■ **TO DO**
Some lines in the data below hold the string "conic". Report how many, as a bare number.

________________________________________

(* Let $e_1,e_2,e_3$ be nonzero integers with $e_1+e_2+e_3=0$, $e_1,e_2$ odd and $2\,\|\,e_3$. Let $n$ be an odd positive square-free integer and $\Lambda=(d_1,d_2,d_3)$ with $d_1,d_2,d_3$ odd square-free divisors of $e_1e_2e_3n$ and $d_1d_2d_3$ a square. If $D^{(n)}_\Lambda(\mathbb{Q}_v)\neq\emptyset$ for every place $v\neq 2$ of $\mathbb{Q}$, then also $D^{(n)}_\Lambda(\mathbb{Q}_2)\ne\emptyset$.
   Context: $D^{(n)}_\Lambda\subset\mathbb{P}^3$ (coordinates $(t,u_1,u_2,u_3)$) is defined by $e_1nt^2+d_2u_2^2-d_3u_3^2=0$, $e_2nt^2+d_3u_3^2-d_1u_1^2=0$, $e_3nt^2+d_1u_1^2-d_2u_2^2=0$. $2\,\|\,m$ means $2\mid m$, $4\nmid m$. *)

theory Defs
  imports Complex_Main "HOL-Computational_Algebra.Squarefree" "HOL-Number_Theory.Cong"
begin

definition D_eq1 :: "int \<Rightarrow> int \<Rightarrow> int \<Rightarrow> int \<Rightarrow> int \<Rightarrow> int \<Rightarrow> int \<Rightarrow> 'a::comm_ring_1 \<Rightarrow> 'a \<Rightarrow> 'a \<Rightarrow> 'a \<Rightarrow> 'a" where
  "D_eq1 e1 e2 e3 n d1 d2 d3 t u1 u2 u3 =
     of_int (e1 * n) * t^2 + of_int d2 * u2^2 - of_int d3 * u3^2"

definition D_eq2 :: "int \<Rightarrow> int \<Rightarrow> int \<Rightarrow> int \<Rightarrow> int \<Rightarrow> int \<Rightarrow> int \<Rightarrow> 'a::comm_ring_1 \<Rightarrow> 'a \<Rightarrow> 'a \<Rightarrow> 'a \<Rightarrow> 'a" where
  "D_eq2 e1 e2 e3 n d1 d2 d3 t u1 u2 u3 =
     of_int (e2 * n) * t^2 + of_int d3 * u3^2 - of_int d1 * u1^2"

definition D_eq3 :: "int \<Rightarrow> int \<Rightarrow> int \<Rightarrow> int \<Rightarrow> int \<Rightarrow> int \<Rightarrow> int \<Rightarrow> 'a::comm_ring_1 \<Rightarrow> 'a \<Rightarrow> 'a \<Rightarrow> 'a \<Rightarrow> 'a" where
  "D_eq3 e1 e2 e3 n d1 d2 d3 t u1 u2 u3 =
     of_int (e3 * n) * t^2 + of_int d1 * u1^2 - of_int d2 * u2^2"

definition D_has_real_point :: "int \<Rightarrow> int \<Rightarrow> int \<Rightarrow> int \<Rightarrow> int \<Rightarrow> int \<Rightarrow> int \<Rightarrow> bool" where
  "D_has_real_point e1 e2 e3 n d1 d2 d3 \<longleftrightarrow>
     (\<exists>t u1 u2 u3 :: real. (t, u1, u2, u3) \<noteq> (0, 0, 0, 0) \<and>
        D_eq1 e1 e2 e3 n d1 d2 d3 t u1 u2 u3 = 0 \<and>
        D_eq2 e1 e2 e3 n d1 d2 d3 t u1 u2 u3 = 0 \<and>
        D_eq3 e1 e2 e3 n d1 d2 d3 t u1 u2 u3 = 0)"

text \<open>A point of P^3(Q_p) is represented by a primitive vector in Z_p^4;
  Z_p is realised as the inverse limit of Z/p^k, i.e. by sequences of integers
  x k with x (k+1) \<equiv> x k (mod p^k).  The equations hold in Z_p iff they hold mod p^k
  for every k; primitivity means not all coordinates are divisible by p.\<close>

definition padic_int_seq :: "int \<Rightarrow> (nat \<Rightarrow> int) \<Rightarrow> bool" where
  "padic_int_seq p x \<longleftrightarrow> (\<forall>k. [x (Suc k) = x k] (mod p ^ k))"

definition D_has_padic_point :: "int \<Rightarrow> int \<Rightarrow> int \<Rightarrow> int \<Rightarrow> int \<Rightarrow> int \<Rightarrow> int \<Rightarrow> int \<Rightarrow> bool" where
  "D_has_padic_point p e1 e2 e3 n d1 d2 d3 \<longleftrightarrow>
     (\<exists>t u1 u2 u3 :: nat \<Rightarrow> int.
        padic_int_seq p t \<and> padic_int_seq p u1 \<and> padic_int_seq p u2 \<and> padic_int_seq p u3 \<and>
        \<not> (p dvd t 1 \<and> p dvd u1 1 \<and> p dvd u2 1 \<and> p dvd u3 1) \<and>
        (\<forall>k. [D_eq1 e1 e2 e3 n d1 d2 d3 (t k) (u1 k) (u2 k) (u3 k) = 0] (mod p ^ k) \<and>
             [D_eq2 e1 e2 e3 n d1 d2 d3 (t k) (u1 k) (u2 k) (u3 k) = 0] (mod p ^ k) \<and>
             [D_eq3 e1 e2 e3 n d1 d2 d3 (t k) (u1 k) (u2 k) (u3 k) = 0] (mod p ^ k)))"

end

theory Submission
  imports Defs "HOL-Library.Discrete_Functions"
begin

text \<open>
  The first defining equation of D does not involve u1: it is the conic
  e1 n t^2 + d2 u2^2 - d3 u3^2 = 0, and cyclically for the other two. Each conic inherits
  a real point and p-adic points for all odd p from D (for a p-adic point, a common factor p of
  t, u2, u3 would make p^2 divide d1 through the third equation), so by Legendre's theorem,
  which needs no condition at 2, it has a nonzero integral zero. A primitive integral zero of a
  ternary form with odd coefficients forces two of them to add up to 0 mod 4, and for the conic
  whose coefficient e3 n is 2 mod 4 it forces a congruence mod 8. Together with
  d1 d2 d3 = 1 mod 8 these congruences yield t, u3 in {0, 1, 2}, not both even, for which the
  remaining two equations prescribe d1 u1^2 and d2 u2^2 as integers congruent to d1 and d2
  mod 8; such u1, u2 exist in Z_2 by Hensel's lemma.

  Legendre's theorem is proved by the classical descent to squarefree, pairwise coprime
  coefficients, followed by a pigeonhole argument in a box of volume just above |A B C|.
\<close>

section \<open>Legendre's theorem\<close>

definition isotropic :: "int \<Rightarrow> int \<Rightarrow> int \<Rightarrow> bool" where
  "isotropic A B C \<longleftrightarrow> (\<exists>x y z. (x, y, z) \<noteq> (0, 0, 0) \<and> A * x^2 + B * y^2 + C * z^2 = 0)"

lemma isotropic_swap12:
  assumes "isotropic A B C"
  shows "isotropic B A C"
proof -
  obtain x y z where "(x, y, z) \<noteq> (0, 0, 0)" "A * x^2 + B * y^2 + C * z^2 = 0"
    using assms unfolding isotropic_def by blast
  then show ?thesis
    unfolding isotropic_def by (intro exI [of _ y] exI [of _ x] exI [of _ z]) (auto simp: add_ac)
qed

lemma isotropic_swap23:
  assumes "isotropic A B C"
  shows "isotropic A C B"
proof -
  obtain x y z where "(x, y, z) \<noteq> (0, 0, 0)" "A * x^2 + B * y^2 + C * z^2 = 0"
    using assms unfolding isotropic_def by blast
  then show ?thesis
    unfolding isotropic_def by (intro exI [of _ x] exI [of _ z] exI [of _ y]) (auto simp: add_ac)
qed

________________________________________

■ **EXERCISE SOLUTION**
3